Output Formats
PDFPipe supports 10 output formats across three categories. Set the format field in your convert request to choose one.
| Format | Value | Category | Content-Type | Tiers |
|---|---|---|---|---|
| JSON | json | Extraction | application/json | All tiers |
| Text | text | Extraction | text/plain | All tiers |
| Markdown | markdown | Extraction | text/markdown | Starter+ |
| XML | xml | Extraction | application/xml | Starter+ |
| CSV | csv | Extraction | text/csv | Starter+ |
| Base64 | base64 | Encoded | text/plain | Starter+ |
| Binary | binary | Encoded | application/pdf | Starter+ |
| PNG | png | Image | image/png | Starter+ |
| JPG | jpg | Image | image/jpeg | Starter+ |
| WebP | webp | Image | image/webp | Starter+ |
Extraction Formats
Extraction formats parse the PDF content and return structured or plain-text data.

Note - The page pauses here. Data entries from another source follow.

text \<open>Split \<open>-c ln c\<close>, \<open>c = t a + (1 - t) b\<close>, into its two parts and compare each with \<open>ln\<close> of
  the corresponding summand.\<close>

lemma neg_mult_ln_convex_comb_le:
  fixes a b t :: real
  assumes "0 \<le> a" "0 \<le> b" "t \<in> {0..1}"
  shows "- ((t * a + (1 - t) * b) * ln (t * a + (1 - t) * b))
     \<le> t * (- (a * ln a)) + (1 - t) * (- (b * ln b)) + ((1 - t) * a + t * b)"
proof -
  define c where "c = t * a + (1 - t) * b"
  have "- (t * a * ln c) \<le> t * (- (a * ln a)) + (1 - t) * a"
    using assms by (intro neg_mult_ln_part_le) (auto simp: c_def)
  moreover have "- ((1 - t) * b * ln c) \<le> (1 - t) * (- (b * ln b)) + (1 - (1 - t)) * b"
    using assms by (intro neg_mult_ln_part_le) (auto simp: c_def)
  moreover have "- (c * ln c) = - (t * a * ln c) - ((1 - t) * b * ln c)"
    by (simp add: c_def algebra_simps)
  ultimately show ?thesis unfolding c_def[symmetric] by simp
qed

definition prob_simplex :: "'a set \<Rightarrow> ('a \<Rightarrow> real) set" where
  "prob_simplex I = {l. (\<forall>i\<in>I. 0 \<le> l i) \<and> sum l I = 1}"

definition shannon_entropy :: "'a set \<Rightarrow> ('a \<Rightarrow> real) \<Rightarrow> real" where
  "shannon_entropy I l = (\<Sum>i\<in>I. - (l i * ln (l i)))"

lemma prob_simplex_le_1:
  assumes "finite I" "l \<in> prob_simplex I" "i \<in> I"
  shows "l i \<le> 1"
  using assms member_le_sum[of i I l] unfolding prob_simplex_def by auto

lemma shannon_entropy_nonneg:
  assumes "finite I" "l \<in> prob_simplex I"
  shows "0 \<le> shannon_entropy I l"
  using assms prob_simplex_le_1[OF assms] unfolding shannon_entropy_def
  by (intro sum_nonneg neg_mult_ln_nonneg) (auto simp: prob_simplex_def)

These are the most commonly used formats.
JSON
format: "json"Structured page-by-page extraction with text, tables, metadata, font information, and coordinates. The richest output format.
{
"pages": [
{
"page": 1,
"width": 612,
"height": 792,
"text": "Invoice #2026-0142...",
"tables": [
{
"rows": [
["Item", "Qty", "Price"],
["API Credits", "1000", "$49.00"]
]
}
],
"metadata": {
"fonts": ["Helvetica"],
"hasImages": false
}
}
],
"documentMetadata": {
"title": "Invoice",
"author": "Acme Corp",
"pageCount": 1,
"fileSize": 24576
}
}Common use cases
- Data extraction and processing pipelines
- LLM / RAG document ingestion
- Table extraction for spreadsheets or databases
Text
format: "text"Plain text extraction. All pages concatenated with page breaks. No structural metadata.
Invoice #2026-0142
Date: February 15, 2026
Item Qty Price
API Credits 1000 $49.00
Priority 1 $29.00
Total: $78.00Common use cases
- Full-text search indexing
- Simple text processing
- Content previews
Markdown
format: "markdown"Markdown-formatted text with headings, tables, and lists preserved as Markdown syntax. Ideal for LLM prompts.
# Invoice #2026-0142
**Date:** February 15, 2026
| Item | Qty | Price |
|------|-----|-------|
| API Credits | 1000 | $49.00 |
| Priority | 1 | $29.00 |
**Total:** $78.00Common use cases
- LLM prompt context (best format for AI models)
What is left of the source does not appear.